12. Damien Skylar

2.2K 287 90
                                    

Dentingan sendok mengiringi makan malam mereka yang begitu senyap. Masing-masing dari mereka berdiam diri dengan pikirannya masing-masing. Suasana canggung menyelimuti kebersamaan mereka yang tiba-tiba terasa menjadi begitu asing. Tak biasanya mereka melewati makan malam yang sangat jarang terjadi ini dengan kesunyian. Sesuatu telah terjadi.

Bagi Michael, penampilan Makayla malam ini membuat mulutnya terkunci rapat. Jangankan mulutnya, seluruh sistem sarafnya terasa terkunci, bahkan napasnya tercekat tak karuan mengendus aroma wangi tubuh Makayla di sebelahnya. Ingin sekali lehernya terputar ke sebelah kiri, dan menyaksikan Makayla dalam jarak yang begitu dekat untuk memuaskan keinginan terbesarnya malam ini.

Tapi, egonya begitu saja membunuh keberanian Michael.

“Kudengar, kau sekarang selalu di rumah, Ally?” Sophia membuka percakapan yang terasa begitu dingin. Allyson tersenyum,

“Ya, aku sudah berhenti bekerja.” Jawab Allyson ramah. Michael mendentingkan sendoknya.

“Bisakah kita membicarakan hal lain? Apa saking tak ada dialog, kita perlu mengulang-ulang percakapan yang bahkan kita sudah tahu jawabannya? Apa itu hanya formalitas kalian agar terkesan hangat? Fuck no! It doesn’t work! I’m out.” Michael melap bibirnya dengan serbet dan bergegas menggeser kursinya untuk dapat mengeluarkan diri dari sana.

Tapi, sejenak tangan Michael berdesir keras seolah ada yang menuangkan sebotol Champagne ke lengannya saat tangan kecil dan halus Makayla menggenggam tangannya. Michael menatap Makayla keras, menggelap seolah ia akan menelan Makayla bulat-bulat dengan tatapan intimidasinya. Tetapi rona merah wajah itu…

Keinginan terbesar Michael, keinginannya untuk sedikit saja menatap kilau mata Makayla, kini didapatkannya. Seperti miliknya, Michael menatap lunak ke dalam sana yang begitu teduh dan penuh dengan keluguan.
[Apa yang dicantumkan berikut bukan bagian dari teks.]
(* Let $\alpha,\beta\in\mathbb{R}$ with $\alpha\neq 0$, and let $G_1$ be the connected, simply connected Lie group whose Lie algebra $\mathfrak{g}_1$ has a basis $\{e_1,e_2,e_3\}$ with $[e_1,e_2]=\alpha e_1-\beta e_3$, $[e_1,e_3]=-\alpha e_1-\beta e_2$, $[e_2,e_3]=\beta e_1+\alpha e_2+\alpha e_3$, equipped with the left-invariant Lorentzian metric $g$ for which $\{e_1,e_2,e_3\}$ is pseudo-orthonormal with $e_3$ timelike, and with the product structure $J$. Let $\lambda_0,c\in\mathbb{R}$. Then there exists a derivation $D$ of $\mathfrak{g}_1$ with $\widetilde{\mathrm{Ric}}^1=(s^1\lambda_0+c)\mathrm{Id}+D$ (i.e. $(G_1,g,J)$ is an algebraic Schouten soliton associated to the Kobayashi–Nomizu connection $\nabla^1$) if and only if $\beta=0$ and $c=-\frac12\alpha^2+2\alpha^2\lambda_0$.
   Context: Pseudo-orthonormal means $g(e_1,e_1)=g(e_2,e_2)=1$, $g(e_3,e_3)=-1$, $g(e_i,e_j)=0$ for $i\neq j$; left-invariant tensors are identified with their values on $\mathfrak{g}$. $\nabla$ is the Levi-Civita connection of $g$. The product structure $J$ is the left-invariant endomorphism with $Je_1=e_1$, $Je_2=e_2$, $Je_3=-e_3$. The canonical connection is $\nabla^0_XY=\nabla_XY-\frac12(\nabla_XJ)JY$, and the Kobayashi–Nomizu connection is $\nabla^1_XY=\nabla^0_XY-\frac14[(\nabla_YJ)JX-(\nabla_{JY}J)X]$. For $k=0,1$: $R^k(X,Y)Z=\nabla^k_X\nabla^k_YZ-\nabla^k_Y\nabla^k_XZ-\nabla^k_{[X,Y]}Z$; $\rho^k(X,Y)=-g(R^k(X,e_1)Y,e_1)-g(R^k(X,e_2)Y,e_2)+g(R^k(X,e_3)Y,e_3)$; $\widetilde\rho^k(X,Y)=\frac12(\rho^k(X,Y)+\rho^k(Y,X))$; $\widetilde{\mathrm{Ric}}^k$ is defined by $\widetilde\rho^k(X,Y)=g(\widetilde{\mathrm{Ric}}^k(X),Y)$; and $s^k=\widetilde\rho^k(e_1,e_1)+\widetilde\rho^k(e_2,e_2)-\widetilde\rho^k(e_3,e_3)$. A derivation of $\mathfrak{g}$ is a linear map $D$ with $D[X,Y]=[DX,Y]+[X,DY]$. $(G,g,J)$ is an algebraic Schouten soliton associated to $\nabla^k$ (with real constants $\lambda_0,c$) if $\widetilde{\mathrm{Ric}}^k=(s^k\lambda_0+c)\mathrm{Id}+D$ for some derivation $D$. *)

theory Defs
  imports "HOL-Analysis.Analysis"
begin

text \<open>The Lie algebra is modelled as real^3 with basis e1, e2, e3 (the standard
axis vectors, indexed by 1, 2, 3 of the numeral type 3). Left-invariant tensors are
identified with their values on the Lie algebra.\<close>

definition e1 :: "real^3" where "e1 = axis 1 1"
definition e2 :: "real^3" where "e2 = axis 2 1"
definition e3 :: "real^3" where "e3 = axis 3 1"

text \<open>Lie bracket of g_1, extended bilinearly and skew-symmetrically from
[e1,e2] = a e1 - b e3, [e1,e3] = -a e1 - b e2, [e2,e3] = b e1 + a e2 + a e3.\<close>
definition br1 :: "real \<Rightarrow> real \<Rightarrow> real^3 \<Rightarrow> real^3 \<Rightarrow> real^3" where
  "br1 a b x y =
     (x$1 * y$2 - x$2 * y$1) *\<^sub>R (a *\<^sub>R e1 - b *\<^sub>R e3)
   + (x$1 * y$3 - x$3 * y$1) *\<^sub>R ((- a) *\<^sub>R e1 - b *\<^sub>R e2)
   + (x$2 * y$3 - x$3 * y$2) *\<^sub>R (b *\<^sub>R e1 + a *\<^sub>R e2 + a *\<^sub>R e3)"

definition gL :: "real^3 \<Rightarrow> real^3 \<Rightarrow> real" where
  "gL x y = x$1 * y$1 + x$2 * y$2 - x$3 * y$3"

definition Jp :: "real^3 \<Rightarrow> real^3" where
  "Jp x = x - (2 * x$3) *\<^sub>R e3"

text \<open>Levi-Civita connection of the left-invariant metric (Koszul formula):
2 g(nabla_X Y, Z) = g([X,Y],Z) - g([Y,Z],X) + g([Z,X],Y).\<close>
definition LC :: "(real^3 \<Rightarrow> real^3 \<Rightarrow> real^3) \<Rightarrow> real^3 \<Rightarrow> real^3 \<Rightarrow> real^3" where
  "LC br X Y = (\<Sum>k\<in>UNIV. (gL (axis k 1) (axis k 1) / 2 *
      (gL (br X Y) (axis k 1) - gL (br Y (axis k 1)) X + gL (br (axis k 1) X) Y))
        *\<^sub>R axis k 1)"

definition nablaJ :: "(real^3 \<Rightarrow> real^3 \<Rightarrow> real^3) \<Rightarrow> real^3 \<Rightarrow> real^3 \<Rightarrow> real^3" where
  "nablaJ br X Y = LC br X (Jp Y) - Jp (LC br X Y)"

definition conn0 :: "(real^3 \<Rightarrow> real^3 \<Rightarrow> real^3) \<Rightarrow> real^3 \<Rightarrow> real^3 \<Rightarrow> real^3" where
  "conn0 br X Y = LC br X Y - (1/2) *\<^sub>R nablaJ br X (Jp Y)"

definition conn1 :: "(real^3 \<Rightarrow> real^3 \<Rightarrow> real^3) \<Rightarrow> real^3 \<Rightarrow> real^3 \<Rightarrow> real^3" where
  "conn1 br X Y = conn0 br X Y
     - (1/4) *\<^sub>R (nablaJ br Y (Jp X) - nablaJ br (Jp Y) X)"

definition curv :: "(real^3 \<Rightarrow> real^3 \<Rightarrow> real^3) \<Rightarrow> (real^3 \<Rightarrow> real^3 \<Rightarrow> real^3)
    \<Rightarrow> real^3 \<Rightarrow> real^3 \<Rightarrow> real^3 \<Rightarrow> real^3" where
  "curv br nab X Y Z = nab X (nab Y Z) - nab Y (nab X Z) - nab (br X Y) Z"

definition ricci :: "(real^3 \<Rightarrow> real^3 \<Rightarrow> real^3) \<Rightarrow> (real^3 \<Rightarrow> real^3 \<Rightarrow> real^3)
    \<Rightarrow> real^3 \<Rightarrow> real^3 \<Rightarrow> real" where
  "ricci br nab X Y = - gL (curv br nab X e1 Y) e1 - gL (curv br nab X e2 Y) e2
                      + gL (curv br nab X e3 Y) e3"

definition sym_ricci :: "(real^3 \<Rightarrow> real^3 \<Rightarrow> real^3) \<Rightarrow> (real^3 \<Rightarrow> real^3 \<Rightarrow> real^3)
    \<Rightarrow> real^3 \<Rightarrow> real^3 \<Rightarrow> real" where
  "sym_ricci br nab X Y = (ricci br nab X Y + ricci br nab Y X) / 2"

text \<open>The Ricci operator: the unique endomorphism with
g(Ric X, Y) = sym_ricci(X,Y) (g is nondegenerate).\<close>
definition ricci_op :: "(real^3 \<Rightarrow> real^3 \<Rightarrow> real^3) \<Rightarrow> (real^3 \<Rightarrow> real^3 \<Rightarrow> real^3)
    \<Rightarrow> real^3 \<Rightarrow> real^3" where
  "ricci_op br nab X = (THE R. \<forall>Y. gL R Y = sym_ricci br nab X Y)"

definition scal :: "(real^3 \<Rightarrow> real^3 \<Rightarrow> real^3) \<Rightarrow> (real^3 \<Rightarrow> real^3 \<Rightarrow> real^3) \<Rightarrow> real" where
  "scal br nab = sym_ricci br nab e1 e1 + sym_ricci br nab e2 e2 - sym_ricci br nab e3 e3"

definition is_derivation :: "(real^3 \<Rightarrow> real^3 \<Rightarrow> real^3) \<Rightarrow> (real^3 \<Rightarrow> real^3) \<Rightarrow> bool" where
  "is_derivation br D \<longleftrightarrow> linear D \<and> (\<forall>X Y. D (br X Y) = br (D X) Y + br X (D Y))"

definition alg_schouten_soliton ::
  "(real^3 \<Rightarrow> real^3 \<Rightarrow> real^3) \<Rightarrow> (real^3 \<Rightarrow> real^3 \<Rightarrow> real^3) \<Rightarrow> real \<Rightarrow> real \<Rightarrow> bool" where
  "alg_schouten_soliton br nab lam0 c \<longleftrightarrow>
     (\<exists>D. is_derivation br D \<and>
          (\<forall>X. ricci_op br nab X = (scal br nab * lam0 + c) *\<^sub>R X + D X))"

end

theory Submission imports Defs begin

text \<open>Everything is left-invariant, so the statement reduces to linear algebra on
\<open>\<real>\<^sup>3\<close>. Computing the Koszul formula and then the Kobayashi--Nomizu connection in
coordinates, its symmetrised Ricci tensor has an explicit Ricci operator with scalar curvature
\<open>-2(\<alpha>\<^sup>2 + \<beta>\<^sup>2)\<close>. The soliton condition says that \<open>Ric - k Id\<close> with
\<open>k = s \<lambda>\<^sub>0 + c\<close> is a derivation. Testing the derivation rule on \<open>[e\<^sub>1, e\<^sub>2]\<close> forces
\<open>\<alpha>\<^sup>2\<beta> = 0\<close> and then \<open>k = -\<alpha>\<^sup>2/2\<close>; conversely, for \<open>\<beta> = 0\<close> and this \<open>k\<close> the
derivation rule holds identically.\<close>

lemma axis_3_components [simp]:
  "axis (1::3) (1::real) $ 1 = 1" "axis (1::3) (1::real) $ 2 = 0" "axis (1::3) (1::real) $ 3 = 0"
  "axis (2::3) (1::real) $ 1 = 0" "axis (2::3) (1::real) $ 2 = 1" "axis (2::3) (1::real) $ 3 = 0"
  "axis (3::3) (1::real) $ 1 = 0" "axis (3::3) (1::real) $ 2 = 0" "axis (3::3) (1::real) $ 3 = 1"
  by (simp_all add: axis_def)

lemma basis_components [simp]:
  "e1 $ 1 = 1" "e1 $ 2 = 0" "e1 $ 3 = 0"
  "e2 $ 1 = 0" "e2 $ 2 = 1" "e2 $ 3 = 0"
  "e3 $ 1 = 0" "e3 $ 2 = 0" "e3 $ 3 = 1"
  by (simp_all add: e1_def e2_def e3_def)

lemma br1_components:
  "br1 a b X Y $ 1 = a * (X$1 * Y$2 - X$2 * Y$1) - a * (X$1 * Y$3 - X$3 * Y$1)
                     + b * (X$2 * Y$3 - X$3 * Y$2)"
  "br1 a b X Y $ 2 = - b * (X$1 * Y$3 - X$3 * Y$1) + a * (X$2 * Y$3 - X$3 * Y$2)"
  "br1 a b X Y $ 3 = - b * (X$1 * Y$2 - X$2 * Y$1) + a * (X$2 * Y$3 - X$3 * Y$2)"
  by (simp_all add: br1_def algebra_simps)

lemma Jp_components: "Jp X $ 1 = X$1" "Jp X $ 2 = X$2" "Jp X $ 3 = - X$3"
  by (simp_all add: Jp_def)

lemma gL_basis: "gL X e1 = X$1" "gL X e2 = X$2" "gL X e3 = - X$3"
  by (simp_all add: gL_def)

lemma LC_components:
  "LC br X Y $ i =
       (gL (br X Y) e1 - gL (br Y e1) X + gL (br e1 X) Y) / 2 * e1 $ i
     + (gL (br X Y) e2 - gL (br Y e2) X + gL (br e2 X) Y) / 2 * e2 $ i
     - (gL (br X Y) e3 - gL (br Y e3) X + gL (br e3 X) Y) / 2 * e3 $ i"
  unfolding LC_def sum_component sum_3 by (simp add: gL_def e1_def e2_def e3_def)

lemma conn1_br1_components:
  "conn1 (br1 a b) X Y $ 1 = a * X$1 * Y$2 + a * X$3 * Y$1 - b * X$3 * Y$2"
  "conn1 (br1 a b) X Y $ 2 = - a * X$1 * Y$1 + b * X$3 * Y$1 - a * X$3 * Y$2"
  "conn1 (br1 a b) X Y $ 3 = a * X$2 * Y$3"
  by (simp_all add: conn1_def conn0_def nablaJ_def LC_components Jp_components gL_def
      br1_components field_simps)

lemma sym_ricci_conn1_br1:
  "sym_ricci (br1 a b) (conn1 (br1 a b)) X Y =
     - (a\<^sup>2 + b\<^sup>2) * (X$1 * Y$1 + X$2 * Y$2) + a * b * (X$1 * Y$2 + X$2 * Y$1)
     - a * b / 2 * (X$1 * Y$3 + X$3 * Y$1) + a\<^sup>2 / 2 * (X$2 * Y$3 + X$3 * Y$2)"
  by (simp add: sym_ricci_def ricci_def curv_def gL_def conn1_br1_components br1_components
      field_simps power2_eq_square)

definition ric1 :: "real \<Rightarrow> real \<Rightarrow> real^3 \<Rightarrow> real^3" where
  "ric1 a b X = vector [- (a\<^sup>2 + b\<^sup>2) * X$1 + a * b * X$2 - a * b / 2 * X$3,
                        a * b * X$1 - (a\<^sup>2 + b\<^sup>2) * X$2 + a\<^sup>2 / 2 * X$3,
                        a * b / 2 * X$1 - a\<^sup>2 / 2 * X$2]"

lemma ric1_components:
  "ric1 a b X $ 1 = - (a\<^sup>2 + b\<^sup>2) * X$1 + a * b * X$2 - a * b / 2 * X$3"
  "ric1 a b X $ 2 = a * b * X$1 - (a\<^sup>2 + b\<^sup>2) * X$2 + a\<^sup>2 / 2 * X$3"
  "ric1 a b X $ 3 = a * b / 2 * X$1 - a\<^sup>2 / 2 * X$2"
  by (simp_all add: ric1_def)

lemma gL_nondegenerate: "(\<forall>Y. gL R Y = gL R' Y) \<longleftrightarrow> R = R'"
proof
  assume "\<forall>Y. gL R Y = gL R' Y"
  then have "gL R e1 = gL R' e1" "gL R e2 = gL R' e2" "gL R e3 = gL R' e3"
    by blast+
  then show "R = R'"
    by (simp add: gL_basis vec_eq_iff forall_3)
qed simp

lemma ricci_op_eqI:
  assumes "\<And>Y. gL R Y = sym_ricci br nab X Y"
  shows "ricci_op br nab X = R"
  unfolding ricci_op_def
proof (rule the_equality)
  show "\<forall>Y. gL R Y = sym_ricci br nab X Y"
    using assms by blast
next
  fix R' assume "\<forall>Y. gL R' Y = sym_ricci br nab X Y"
  then show "R' = R"
    using assms gL_nondegenerate by metis
qed

lemma ricci_op_conn1_br1: "ricci_op (br1 a b) (conn1 (br1 a b)) = ric1 a b"
  by (rule ext, rule ricci_op_eqI)
    (simp add: sym_ricci_conn1_br1 gL_def ric1_components field_simps power2_eq_square)

lemma scal_conn1_br1: "scal (br1 a b) (conn1 (br1 a b)) = - 2 * (a\<^sup>2 + b\<^sup>2)"
  by (simp add: scal_def sym_ricci_conn1_br1)

lemma alg_schouten_soliton_iff_derivation:
  "alg_schouten_soliton br nab lam0 c \<longleftrightarrow>
     is_derivation br (\<lambda>X. ricci_op br nab X - (scal br nab * lam0 + c) *\<^sub>R X)"
proof -
  have "(\<forall>X. ricci_op br nab X = (scal br nab * lam0 + c) *\<^sub>R X + D X) \<longleftrightarrow>
          D = (\<lambda>X. ricci_op br nab X - (scal br nab * lam0 + c) *\<^sub>R X)" for D
    by (auto simp: algebra_simps)
  then show ?thesis
    unfolding alg_schouten_soliton_def by auto
qed

lemma derivation_ric1_shift_iff:
  assumes "a \<noteq> 0"
  shows "is_derivation (br1 a b) (\<lambda>X. ric1 a b X - k *\<^sub>R X) \<longleftrightarrow> b = 0 \<and> k = - a\<^sup>2 / 2"
proof
  assume derivation: "is_derivation (br1 a b) (\<lambda>X. ric1 a b X - k *\<^sub>R X)"
  define D where "D X = ric1 a b X - k *\<^sub>R X" for X
  have "D (br1 a b e1 e2) = br1 a b (D e1) e2 + br1 a b e1 (D e2)"
    using derivation unfolding is_derivation_def D_def by blast
  then have "D (br1 a b e1 e2) $ 1 = (br1 a b (D e1) e2 + br1 a b e1 (D e2)) $ 1"
            "D (br1 a b e1 e2) $ 2 = (br1 a b (D e1) e2 + br1 a b e1 (D e2)) $ 2"
    by simp_all
  then have "a * (k + 2 * b\<^sup>2 + a\<^sup>2 / 2) = 0" "a\<^sup>2 * b / 2 = 0"
    unfolding D_def
    by (simp_all add: br1_components ric1_components field_simps power2_eq_square)
  with assms show "b = 0 \<and> k = - a\<^sup>2 / 2"
    by simp
next
  assume "b = 0 \<and> k = - a\<^sup>2 / 2"
  then have "b = 0" "k = - a\<^sup>2 / 2"
    by simp_all
  have "linear (\<lambda>X. ric1 a b X - k *\<^sub>R X)"
    by (rule linearI) (simp_all add: vec_eq_iff forall_3 ric1_components algebra_simps)
  moreover have "\<forall>X Y. ric1 a b (br1 a b X Y) - k *\<^sub>R br1 a b X Y =
      br1 a b (ric1 a b X - k *\<^sub>R X) Y + br1 a b X (ric1 a b Y - k *\<^sub>R Y)"
    unfolding \<open>b = 0\<close> \<open>k = - a\<^sup>2 / 2\<close>
    by (simp add: vec_eq_iff forall_3 ric1_components br1_components field_simps power2_eq_square)
  ultimately show "is_derivation (br1 a b) (\<lambda>X. ric1 a b X - k *\<^sub>R X)"
    unfolding is_derivation_def by blast
qed

theorem theorem4p3:
  fixes \<alpha> \<beta> lambda0 c :: real
  assumes "\<alpha> \<noteq> 0"
  shows "alg_schouten_soliton (br1 \<alpha> \<beta>) (conn1 (br1 \<alpha> \<beta>)) lambda0 c
     \<longleftrightarrow> \<beta> = 0 \<and> c = - (1/2) * \<alpha>^2 + 2 * \<alpha>^2 * lambda0"
proof -
  have "alg_schouten_soliton (br1 \<alpha> \<beta>) (conn1 (br1 \<alpha> \<beta>)) lambda0 c \<longleftrightarrow>
        \<beta> = 0 \<and> - 2 * (\<alpha>\<^sup>2 + \<beta>\<^sup>2) * lambda0 + c = - \<alpha>\<^sup>2 / 2"
    using derivation_ric1_shift_iff[OF assms]
    by (simp add: alg_schouten_soliton_iff_derivation ricci_op_conn1_br1 scal_conn1_br1)
  then show ?thesis
    by auto
qed

end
Gadis itu menggelengkan kepalanya pada Michael untuk mencegahnya pergi. Secara tidak sadar, Michael kembali duduk di tempatnya. Bukan untuk menuruti keinginan Makayla, apa lagi untuk menghormati orang tuanya. Hanya saja lututnya mendadak melemas dan menyuruhnya untuk segera mendapat peristirahatan.

Bola mata itu…

Bola mata yang selalu ditatap Michael saat Makayla hendak terlelap dari hari mereka yang melelahkan. Itu dahulu, dahulu yang takkan pernah bahkan sedetik pun akan terulang.

Keheningan kembali menyapa kediaman Almo. Mereka saling melirik bergantian, menyadari ada getaran dan aura yang berbeda di antara Michael dan Makayla. Mereka takut usaha mereka yang sulit untuk memisahkan Michael dan Makayla akan menjadi sia-sia.

Khem…

Albert mendehem dan menarik semua perhatian. Termasuk Michael, ia menoleh kepada Albert dengan dingin.

“Setelah ini kita harus bicara Mike.” Kini giliran Albert yang melap bibirnya dengan serbet, menyatakan kesudahannya untuk makan malam. Ia menutup sendok dan garpunya di atas piring dengan anggun. Ini jelas gertakan yang sangat keras bagi semuanya. Albert pernah bilang jika ia sangat membenci orang yang meninggalkan meja makan sementara orang-orang masih belum selesai makan, menurutnya itu sangat tidak sopan. Tapi sekarang? Albert nampaknya sudah sangat muak untuk berdiam diri di meja makan megahnya akibat gangguan dari putra semata wayangnya sendiri.

Belum sempat Albert mengangkat bokongnya untuk angkat kaki, tiba-tiba saja semua tatapan mengarah pada suara kegaduhan yang terdengar jelas dari ruang tengah.

Alis Albert terkerut mendengar seperti ada suara cekcok di dalam istananya.

“Carla!” Ia menyerukan nama kepala pembantu rumah tangganya. “Ada siapa?” teriak Albert gusar. Sudah hatinya kesal, sekarang ditambah lagi ada suara ribut dari luar.